Exercise description: Report how many lines of the records below include the word "small". Give nothing but the number.

··· Dataset extract

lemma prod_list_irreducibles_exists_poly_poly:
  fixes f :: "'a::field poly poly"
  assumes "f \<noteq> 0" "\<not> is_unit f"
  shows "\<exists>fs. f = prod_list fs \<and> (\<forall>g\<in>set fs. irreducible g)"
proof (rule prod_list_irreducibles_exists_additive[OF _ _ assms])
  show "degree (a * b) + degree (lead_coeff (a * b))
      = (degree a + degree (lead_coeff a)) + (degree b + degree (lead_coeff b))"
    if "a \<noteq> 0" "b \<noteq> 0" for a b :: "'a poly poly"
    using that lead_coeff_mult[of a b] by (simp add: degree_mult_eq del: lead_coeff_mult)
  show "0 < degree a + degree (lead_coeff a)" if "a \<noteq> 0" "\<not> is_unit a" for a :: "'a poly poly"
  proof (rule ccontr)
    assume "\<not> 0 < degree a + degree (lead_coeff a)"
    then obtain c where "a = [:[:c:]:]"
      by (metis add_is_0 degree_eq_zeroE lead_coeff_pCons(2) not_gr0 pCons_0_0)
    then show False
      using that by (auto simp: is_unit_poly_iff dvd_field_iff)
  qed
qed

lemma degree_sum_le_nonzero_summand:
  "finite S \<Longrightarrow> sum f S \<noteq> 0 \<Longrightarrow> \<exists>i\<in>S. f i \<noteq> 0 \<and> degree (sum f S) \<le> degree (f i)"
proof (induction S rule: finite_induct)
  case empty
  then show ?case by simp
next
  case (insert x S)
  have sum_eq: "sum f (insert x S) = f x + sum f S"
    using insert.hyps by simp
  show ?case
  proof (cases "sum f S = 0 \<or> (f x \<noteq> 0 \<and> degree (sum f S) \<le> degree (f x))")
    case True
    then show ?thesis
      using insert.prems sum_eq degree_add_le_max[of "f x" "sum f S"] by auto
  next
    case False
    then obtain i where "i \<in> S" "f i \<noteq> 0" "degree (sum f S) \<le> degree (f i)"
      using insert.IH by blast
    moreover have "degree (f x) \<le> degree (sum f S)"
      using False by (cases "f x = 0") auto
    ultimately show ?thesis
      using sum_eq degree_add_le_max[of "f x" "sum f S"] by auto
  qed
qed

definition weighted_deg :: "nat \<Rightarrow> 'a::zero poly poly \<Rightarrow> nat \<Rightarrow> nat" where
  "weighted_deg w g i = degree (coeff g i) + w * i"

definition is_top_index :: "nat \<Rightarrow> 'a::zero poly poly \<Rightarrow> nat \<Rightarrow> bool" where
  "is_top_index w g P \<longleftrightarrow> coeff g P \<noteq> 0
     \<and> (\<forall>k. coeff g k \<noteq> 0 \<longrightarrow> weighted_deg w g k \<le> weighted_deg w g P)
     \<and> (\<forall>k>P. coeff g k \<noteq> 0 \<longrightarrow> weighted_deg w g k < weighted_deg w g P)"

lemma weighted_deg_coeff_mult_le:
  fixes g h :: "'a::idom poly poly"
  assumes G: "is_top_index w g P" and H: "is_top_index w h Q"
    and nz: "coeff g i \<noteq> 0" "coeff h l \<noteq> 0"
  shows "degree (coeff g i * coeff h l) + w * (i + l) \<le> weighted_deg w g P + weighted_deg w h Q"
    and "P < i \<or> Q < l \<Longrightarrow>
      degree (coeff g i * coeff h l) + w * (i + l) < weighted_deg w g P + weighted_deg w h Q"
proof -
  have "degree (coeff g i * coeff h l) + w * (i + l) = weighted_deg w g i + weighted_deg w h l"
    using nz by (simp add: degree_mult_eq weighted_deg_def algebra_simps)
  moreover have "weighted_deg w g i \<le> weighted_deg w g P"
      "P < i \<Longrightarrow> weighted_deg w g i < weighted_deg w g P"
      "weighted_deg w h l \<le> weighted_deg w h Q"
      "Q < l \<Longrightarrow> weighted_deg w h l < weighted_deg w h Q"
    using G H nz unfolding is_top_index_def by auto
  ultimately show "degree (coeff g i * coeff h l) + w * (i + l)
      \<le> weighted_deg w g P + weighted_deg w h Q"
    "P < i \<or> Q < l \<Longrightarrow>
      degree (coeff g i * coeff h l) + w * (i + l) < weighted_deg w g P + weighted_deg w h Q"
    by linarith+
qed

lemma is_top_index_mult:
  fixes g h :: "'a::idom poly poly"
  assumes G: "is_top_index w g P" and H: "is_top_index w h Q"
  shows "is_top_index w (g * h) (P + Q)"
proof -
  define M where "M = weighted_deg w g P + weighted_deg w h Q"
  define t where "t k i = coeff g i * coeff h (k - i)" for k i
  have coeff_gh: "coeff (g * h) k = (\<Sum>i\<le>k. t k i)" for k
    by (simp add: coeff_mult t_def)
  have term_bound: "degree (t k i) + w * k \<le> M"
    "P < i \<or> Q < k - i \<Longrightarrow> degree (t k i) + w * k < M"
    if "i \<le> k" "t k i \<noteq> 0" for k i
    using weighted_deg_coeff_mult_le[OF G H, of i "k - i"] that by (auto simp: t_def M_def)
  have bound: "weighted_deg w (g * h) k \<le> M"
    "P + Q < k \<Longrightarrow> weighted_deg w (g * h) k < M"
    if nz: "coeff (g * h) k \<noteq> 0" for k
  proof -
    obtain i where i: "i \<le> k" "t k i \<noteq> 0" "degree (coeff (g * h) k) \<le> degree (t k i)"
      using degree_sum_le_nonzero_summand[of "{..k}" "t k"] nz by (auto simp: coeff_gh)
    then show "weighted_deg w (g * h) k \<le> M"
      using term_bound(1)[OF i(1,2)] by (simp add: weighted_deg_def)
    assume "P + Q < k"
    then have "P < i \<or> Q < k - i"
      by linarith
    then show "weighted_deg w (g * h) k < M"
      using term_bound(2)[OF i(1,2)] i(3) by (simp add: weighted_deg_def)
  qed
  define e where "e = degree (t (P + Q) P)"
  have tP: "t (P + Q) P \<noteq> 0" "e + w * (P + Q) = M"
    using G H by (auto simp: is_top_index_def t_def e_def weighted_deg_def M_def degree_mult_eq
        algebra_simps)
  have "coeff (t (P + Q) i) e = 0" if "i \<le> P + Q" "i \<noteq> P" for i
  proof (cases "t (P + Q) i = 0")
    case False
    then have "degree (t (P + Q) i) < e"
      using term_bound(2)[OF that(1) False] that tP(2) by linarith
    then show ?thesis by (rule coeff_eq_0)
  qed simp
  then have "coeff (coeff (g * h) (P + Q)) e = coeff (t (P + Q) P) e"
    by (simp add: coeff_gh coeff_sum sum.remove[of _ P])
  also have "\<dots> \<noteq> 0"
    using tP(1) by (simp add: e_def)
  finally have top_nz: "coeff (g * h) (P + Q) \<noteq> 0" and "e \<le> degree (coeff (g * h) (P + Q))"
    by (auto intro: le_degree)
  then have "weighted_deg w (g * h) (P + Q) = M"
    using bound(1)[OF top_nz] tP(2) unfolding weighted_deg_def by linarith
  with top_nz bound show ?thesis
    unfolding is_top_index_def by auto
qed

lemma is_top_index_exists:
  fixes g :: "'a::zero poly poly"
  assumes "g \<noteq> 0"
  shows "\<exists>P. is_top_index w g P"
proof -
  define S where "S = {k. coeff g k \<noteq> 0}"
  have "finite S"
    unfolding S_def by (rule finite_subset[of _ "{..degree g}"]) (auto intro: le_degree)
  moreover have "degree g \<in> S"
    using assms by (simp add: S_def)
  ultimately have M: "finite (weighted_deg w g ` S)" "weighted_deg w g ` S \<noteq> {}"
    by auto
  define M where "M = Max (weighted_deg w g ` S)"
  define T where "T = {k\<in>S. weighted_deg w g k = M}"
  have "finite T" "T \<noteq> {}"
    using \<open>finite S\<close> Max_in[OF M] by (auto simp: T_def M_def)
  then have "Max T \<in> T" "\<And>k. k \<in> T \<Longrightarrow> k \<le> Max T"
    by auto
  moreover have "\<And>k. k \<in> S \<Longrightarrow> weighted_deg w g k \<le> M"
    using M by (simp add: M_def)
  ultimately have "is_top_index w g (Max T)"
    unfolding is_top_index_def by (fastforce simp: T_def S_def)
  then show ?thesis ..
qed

······
··· Dataset extract

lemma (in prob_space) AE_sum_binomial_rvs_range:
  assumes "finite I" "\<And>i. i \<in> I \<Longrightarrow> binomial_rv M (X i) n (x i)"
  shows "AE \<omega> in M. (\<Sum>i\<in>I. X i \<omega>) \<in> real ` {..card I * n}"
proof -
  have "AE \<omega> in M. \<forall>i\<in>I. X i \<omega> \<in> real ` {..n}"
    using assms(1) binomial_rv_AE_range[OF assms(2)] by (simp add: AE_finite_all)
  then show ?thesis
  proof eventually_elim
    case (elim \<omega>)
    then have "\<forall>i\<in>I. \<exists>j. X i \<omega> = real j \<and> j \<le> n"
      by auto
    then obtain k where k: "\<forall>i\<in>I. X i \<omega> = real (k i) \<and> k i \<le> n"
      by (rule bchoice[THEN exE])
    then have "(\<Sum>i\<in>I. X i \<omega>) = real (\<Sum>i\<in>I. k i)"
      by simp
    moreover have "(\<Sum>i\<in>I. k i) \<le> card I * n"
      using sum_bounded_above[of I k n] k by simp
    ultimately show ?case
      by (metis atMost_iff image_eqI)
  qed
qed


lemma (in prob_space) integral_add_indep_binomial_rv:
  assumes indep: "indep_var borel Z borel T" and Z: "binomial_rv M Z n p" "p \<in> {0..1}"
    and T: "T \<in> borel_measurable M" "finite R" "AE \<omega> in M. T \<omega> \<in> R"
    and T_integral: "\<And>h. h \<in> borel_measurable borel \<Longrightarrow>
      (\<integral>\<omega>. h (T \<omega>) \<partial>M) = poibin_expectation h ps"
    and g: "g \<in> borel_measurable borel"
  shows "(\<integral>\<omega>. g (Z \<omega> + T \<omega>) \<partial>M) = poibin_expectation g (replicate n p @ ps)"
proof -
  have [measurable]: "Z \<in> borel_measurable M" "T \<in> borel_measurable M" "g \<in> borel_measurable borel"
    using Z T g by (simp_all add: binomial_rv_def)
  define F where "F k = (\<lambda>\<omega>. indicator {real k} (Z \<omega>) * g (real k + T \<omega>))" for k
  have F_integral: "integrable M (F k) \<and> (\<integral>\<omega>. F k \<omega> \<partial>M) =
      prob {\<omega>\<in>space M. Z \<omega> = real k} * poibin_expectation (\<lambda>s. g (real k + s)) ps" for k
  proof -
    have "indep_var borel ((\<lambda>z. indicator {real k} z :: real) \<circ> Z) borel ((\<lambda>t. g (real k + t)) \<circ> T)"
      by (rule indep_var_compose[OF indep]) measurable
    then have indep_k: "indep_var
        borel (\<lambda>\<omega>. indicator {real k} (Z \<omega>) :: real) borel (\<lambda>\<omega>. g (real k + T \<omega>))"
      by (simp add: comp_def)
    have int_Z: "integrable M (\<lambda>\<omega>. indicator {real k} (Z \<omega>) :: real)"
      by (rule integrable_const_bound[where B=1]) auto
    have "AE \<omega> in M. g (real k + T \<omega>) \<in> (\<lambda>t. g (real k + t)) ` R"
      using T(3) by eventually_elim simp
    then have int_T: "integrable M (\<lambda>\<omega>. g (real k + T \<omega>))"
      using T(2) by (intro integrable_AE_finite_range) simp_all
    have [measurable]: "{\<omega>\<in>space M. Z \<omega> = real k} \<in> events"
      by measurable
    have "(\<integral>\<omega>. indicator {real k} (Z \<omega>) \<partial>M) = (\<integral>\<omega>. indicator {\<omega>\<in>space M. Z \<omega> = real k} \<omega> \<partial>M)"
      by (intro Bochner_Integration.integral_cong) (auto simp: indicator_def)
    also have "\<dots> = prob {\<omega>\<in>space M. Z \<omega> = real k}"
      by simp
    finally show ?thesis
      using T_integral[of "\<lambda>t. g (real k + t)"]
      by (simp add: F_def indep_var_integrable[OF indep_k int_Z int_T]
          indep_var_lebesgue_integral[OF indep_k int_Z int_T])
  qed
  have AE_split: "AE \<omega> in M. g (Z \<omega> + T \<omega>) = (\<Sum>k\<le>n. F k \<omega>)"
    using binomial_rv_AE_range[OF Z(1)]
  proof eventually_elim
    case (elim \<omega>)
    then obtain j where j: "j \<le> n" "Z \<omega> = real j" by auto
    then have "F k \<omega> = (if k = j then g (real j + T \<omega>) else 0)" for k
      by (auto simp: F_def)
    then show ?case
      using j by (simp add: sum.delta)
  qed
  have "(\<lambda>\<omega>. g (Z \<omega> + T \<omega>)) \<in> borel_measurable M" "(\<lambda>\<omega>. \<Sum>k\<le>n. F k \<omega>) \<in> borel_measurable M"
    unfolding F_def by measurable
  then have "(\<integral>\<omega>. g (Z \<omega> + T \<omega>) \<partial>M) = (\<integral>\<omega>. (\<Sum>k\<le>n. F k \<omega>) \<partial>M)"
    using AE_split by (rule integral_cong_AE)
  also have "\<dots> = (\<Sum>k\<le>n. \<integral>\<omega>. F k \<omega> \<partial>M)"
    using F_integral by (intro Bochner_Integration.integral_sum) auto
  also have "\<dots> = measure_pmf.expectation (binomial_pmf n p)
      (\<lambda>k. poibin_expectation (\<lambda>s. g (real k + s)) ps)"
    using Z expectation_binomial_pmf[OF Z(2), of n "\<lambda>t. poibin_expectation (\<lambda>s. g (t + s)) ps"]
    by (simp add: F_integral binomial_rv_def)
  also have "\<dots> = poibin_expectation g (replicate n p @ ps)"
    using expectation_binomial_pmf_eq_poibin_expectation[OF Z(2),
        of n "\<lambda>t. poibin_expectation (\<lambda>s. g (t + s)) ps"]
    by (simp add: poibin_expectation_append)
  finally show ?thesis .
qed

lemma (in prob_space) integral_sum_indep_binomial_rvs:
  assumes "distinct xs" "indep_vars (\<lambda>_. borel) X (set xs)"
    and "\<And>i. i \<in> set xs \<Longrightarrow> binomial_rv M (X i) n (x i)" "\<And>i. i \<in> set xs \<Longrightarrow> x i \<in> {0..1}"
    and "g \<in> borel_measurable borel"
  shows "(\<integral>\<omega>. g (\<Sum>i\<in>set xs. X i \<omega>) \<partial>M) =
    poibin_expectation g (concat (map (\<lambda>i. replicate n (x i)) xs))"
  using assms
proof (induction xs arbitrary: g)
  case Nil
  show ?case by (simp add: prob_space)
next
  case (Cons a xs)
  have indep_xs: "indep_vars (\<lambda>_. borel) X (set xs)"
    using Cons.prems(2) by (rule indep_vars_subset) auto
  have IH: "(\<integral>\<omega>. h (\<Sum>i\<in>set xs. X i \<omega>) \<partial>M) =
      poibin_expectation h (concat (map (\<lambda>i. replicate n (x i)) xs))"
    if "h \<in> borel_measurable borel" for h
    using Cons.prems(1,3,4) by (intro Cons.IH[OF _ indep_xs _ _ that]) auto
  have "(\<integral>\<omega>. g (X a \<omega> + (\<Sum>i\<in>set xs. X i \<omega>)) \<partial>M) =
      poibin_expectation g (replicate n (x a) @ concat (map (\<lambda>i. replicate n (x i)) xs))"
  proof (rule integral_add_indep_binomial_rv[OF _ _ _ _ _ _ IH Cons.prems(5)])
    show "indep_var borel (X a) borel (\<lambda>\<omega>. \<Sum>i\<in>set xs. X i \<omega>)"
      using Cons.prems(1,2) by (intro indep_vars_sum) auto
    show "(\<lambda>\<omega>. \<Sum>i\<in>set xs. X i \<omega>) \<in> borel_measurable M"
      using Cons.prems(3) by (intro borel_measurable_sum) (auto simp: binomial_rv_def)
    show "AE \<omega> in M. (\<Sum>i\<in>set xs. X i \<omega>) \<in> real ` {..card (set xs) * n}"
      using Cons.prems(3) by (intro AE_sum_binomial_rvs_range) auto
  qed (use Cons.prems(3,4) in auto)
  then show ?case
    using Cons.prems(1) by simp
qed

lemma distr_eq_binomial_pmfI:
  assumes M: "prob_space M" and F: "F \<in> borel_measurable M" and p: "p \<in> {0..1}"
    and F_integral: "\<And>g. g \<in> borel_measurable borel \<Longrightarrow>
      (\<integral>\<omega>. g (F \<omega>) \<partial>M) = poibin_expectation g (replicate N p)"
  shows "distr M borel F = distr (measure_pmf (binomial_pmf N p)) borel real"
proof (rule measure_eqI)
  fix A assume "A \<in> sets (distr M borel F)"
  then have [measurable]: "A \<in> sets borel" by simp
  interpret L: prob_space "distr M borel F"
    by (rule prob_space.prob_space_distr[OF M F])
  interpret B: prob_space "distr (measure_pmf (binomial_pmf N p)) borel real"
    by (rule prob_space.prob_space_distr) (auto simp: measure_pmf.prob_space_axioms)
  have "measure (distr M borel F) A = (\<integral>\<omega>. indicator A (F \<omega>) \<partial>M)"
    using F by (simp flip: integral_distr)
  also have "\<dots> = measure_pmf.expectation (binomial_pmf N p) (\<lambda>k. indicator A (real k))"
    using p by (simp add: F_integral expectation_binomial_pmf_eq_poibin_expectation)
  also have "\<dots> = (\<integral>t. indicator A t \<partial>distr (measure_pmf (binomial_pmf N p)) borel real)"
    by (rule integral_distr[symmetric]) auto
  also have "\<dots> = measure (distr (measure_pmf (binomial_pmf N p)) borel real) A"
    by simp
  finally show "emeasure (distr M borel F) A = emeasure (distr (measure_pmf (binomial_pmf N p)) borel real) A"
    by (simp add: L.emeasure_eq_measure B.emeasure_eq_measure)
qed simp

······
··· Dataset extract

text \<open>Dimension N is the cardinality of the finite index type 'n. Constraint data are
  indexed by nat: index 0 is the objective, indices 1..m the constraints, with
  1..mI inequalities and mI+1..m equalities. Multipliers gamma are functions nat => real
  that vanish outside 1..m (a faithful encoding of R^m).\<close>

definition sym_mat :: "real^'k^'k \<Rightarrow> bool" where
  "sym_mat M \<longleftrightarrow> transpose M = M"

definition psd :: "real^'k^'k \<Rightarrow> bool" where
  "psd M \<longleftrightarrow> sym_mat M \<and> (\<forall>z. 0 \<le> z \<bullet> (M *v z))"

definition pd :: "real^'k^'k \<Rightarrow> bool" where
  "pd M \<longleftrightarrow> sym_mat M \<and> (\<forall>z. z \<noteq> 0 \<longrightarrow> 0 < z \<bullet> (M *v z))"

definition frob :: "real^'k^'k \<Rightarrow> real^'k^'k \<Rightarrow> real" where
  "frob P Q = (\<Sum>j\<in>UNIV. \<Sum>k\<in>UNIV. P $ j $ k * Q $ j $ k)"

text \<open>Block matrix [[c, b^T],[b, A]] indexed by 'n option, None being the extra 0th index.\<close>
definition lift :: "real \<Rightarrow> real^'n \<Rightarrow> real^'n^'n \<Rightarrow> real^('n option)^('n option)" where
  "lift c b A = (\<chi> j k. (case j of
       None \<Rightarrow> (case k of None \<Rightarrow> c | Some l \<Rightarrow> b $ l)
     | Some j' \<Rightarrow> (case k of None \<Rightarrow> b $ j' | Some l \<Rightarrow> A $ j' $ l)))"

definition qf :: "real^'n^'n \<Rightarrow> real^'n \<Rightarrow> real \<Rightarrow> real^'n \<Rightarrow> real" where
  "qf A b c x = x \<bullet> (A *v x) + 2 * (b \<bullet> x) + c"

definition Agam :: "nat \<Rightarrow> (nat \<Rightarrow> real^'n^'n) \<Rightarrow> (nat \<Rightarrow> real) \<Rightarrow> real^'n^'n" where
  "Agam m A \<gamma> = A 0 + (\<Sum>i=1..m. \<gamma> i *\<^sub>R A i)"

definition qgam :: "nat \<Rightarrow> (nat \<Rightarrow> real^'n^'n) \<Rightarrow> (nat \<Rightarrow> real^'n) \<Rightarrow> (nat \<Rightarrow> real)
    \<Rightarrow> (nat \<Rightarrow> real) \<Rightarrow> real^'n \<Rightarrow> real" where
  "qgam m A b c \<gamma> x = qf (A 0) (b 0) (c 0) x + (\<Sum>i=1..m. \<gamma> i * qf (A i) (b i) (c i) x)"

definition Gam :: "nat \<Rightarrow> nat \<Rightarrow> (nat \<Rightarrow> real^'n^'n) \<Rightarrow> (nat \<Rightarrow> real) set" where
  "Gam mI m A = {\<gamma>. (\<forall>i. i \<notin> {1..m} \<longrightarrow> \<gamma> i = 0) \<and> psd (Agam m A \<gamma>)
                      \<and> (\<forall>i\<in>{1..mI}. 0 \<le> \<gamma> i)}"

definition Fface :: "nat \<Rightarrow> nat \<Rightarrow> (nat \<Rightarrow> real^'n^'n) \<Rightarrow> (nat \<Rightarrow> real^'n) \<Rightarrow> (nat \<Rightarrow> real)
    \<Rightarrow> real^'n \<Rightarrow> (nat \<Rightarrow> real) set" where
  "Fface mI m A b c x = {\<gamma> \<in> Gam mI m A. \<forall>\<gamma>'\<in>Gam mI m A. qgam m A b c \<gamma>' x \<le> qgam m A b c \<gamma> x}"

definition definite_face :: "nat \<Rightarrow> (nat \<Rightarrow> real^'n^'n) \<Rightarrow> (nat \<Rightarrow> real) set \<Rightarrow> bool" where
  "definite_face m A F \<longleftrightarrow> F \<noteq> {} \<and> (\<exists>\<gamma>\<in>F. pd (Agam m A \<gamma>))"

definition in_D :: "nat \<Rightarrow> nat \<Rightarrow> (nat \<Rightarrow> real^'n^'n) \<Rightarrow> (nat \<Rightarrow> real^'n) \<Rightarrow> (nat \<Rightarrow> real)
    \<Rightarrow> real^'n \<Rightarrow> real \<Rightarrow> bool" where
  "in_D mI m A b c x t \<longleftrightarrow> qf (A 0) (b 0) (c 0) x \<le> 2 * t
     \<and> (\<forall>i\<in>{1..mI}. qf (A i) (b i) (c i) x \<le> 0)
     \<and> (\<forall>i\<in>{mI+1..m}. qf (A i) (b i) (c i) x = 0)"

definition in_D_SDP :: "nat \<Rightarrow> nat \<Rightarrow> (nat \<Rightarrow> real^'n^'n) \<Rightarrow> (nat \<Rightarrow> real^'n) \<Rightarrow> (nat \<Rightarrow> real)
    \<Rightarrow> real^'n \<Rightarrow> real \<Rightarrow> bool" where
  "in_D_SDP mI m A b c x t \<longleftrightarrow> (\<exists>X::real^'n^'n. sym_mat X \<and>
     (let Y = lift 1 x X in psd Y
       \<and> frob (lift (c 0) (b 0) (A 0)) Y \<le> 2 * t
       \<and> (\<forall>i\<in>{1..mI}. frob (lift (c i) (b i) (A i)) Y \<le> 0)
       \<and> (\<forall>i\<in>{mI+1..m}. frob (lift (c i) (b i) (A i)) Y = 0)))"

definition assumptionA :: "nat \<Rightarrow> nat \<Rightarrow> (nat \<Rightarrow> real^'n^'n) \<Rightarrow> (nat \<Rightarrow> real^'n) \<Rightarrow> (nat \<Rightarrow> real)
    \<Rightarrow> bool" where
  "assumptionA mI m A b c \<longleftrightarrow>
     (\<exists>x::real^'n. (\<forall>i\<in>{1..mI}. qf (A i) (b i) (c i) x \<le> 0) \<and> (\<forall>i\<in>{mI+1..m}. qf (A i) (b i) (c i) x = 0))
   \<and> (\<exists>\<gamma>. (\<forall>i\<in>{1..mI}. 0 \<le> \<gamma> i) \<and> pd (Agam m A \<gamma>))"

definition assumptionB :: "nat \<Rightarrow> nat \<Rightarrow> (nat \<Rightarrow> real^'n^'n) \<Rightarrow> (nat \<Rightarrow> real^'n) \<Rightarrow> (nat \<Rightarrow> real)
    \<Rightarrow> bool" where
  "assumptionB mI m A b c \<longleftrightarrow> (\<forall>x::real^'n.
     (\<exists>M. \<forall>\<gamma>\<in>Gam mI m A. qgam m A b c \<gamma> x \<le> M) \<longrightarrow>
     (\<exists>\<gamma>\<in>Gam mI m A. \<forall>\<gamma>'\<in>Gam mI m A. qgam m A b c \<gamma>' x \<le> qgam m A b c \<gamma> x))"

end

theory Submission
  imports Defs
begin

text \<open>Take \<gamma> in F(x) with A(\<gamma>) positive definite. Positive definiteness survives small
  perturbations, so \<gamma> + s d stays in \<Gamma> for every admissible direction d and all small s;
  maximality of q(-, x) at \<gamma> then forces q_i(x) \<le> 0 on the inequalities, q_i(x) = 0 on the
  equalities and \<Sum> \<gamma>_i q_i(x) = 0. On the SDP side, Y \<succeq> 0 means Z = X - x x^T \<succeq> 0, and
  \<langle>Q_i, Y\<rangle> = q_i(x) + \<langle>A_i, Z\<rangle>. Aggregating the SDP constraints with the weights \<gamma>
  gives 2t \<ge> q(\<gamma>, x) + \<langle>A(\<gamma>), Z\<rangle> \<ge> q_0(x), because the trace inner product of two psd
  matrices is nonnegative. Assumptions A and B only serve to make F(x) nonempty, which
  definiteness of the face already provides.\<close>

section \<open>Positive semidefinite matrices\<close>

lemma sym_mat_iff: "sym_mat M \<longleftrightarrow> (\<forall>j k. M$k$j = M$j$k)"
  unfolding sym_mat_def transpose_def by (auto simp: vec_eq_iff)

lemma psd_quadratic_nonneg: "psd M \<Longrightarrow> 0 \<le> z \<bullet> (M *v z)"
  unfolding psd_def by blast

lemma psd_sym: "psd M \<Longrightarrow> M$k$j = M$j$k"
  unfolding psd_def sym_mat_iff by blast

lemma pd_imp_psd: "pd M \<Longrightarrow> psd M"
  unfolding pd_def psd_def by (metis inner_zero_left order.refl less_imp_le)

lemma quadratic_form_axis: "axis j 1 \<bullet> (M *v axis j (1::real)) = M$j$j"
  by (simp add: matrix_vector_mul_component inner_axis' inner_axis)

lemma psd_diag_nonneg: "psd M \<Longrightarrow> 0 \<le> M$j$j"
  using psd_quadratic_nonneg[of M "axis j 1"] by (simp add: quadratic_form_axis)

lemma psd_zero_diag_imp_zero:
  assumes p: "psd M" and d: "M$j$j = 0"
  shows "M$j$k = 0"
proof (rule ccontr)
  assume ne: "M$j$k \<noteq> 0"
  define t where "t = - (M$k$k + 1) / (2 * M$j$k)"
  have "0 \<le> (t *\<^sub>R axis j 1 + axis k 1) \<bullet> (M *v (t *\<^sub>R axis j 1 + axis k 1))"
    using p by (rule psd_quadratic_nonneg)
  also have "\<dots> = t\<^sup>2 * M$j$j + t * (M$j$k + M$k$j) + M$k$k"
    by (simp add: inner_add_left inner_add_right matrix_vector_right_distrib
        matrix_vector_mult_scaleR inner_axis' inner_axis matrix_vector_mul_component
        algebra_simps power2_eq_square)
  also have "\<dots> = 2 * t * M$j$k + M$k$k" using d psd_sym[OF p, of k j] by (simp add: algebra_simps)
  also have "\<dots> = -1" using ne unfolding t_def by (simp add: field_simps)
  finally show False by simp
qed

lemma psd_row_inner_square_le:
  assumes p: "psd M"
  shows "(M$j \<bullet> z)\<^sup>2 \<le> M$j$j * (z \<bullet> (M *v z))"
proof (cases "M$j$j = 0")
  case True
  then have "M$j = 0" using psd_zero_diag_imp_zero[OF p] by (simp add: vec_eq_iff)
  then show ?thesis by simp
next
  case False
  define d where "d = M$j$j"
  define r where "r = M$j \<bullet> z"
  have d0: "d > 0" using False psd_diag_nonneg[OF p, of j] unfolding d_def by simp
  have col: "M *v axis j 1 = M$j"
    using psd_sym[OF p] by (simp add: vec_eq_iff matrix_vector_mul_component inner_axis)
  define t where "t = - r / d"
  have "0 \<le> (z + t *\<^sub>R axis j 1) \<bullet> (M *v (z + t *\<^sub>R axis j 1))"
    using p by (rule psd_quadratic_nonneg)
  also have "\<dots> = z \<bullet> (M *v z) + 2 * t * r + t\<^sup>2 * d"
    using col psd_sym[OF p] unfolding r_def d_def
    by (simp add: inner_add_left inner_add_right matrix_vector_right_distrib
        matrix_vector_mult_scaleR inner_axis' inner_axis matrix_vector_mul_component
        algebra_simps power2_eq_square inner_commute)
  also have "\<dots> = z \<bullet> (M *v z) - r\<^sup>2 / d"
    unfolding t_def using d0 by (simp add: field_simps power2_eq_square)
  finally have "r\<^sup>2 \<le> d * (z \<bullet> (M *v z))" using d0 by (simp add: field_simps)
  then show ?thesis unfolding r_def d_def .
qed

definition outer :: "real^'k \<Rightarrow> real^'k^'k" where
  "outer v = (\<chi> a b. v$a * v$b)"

······

Output below: 2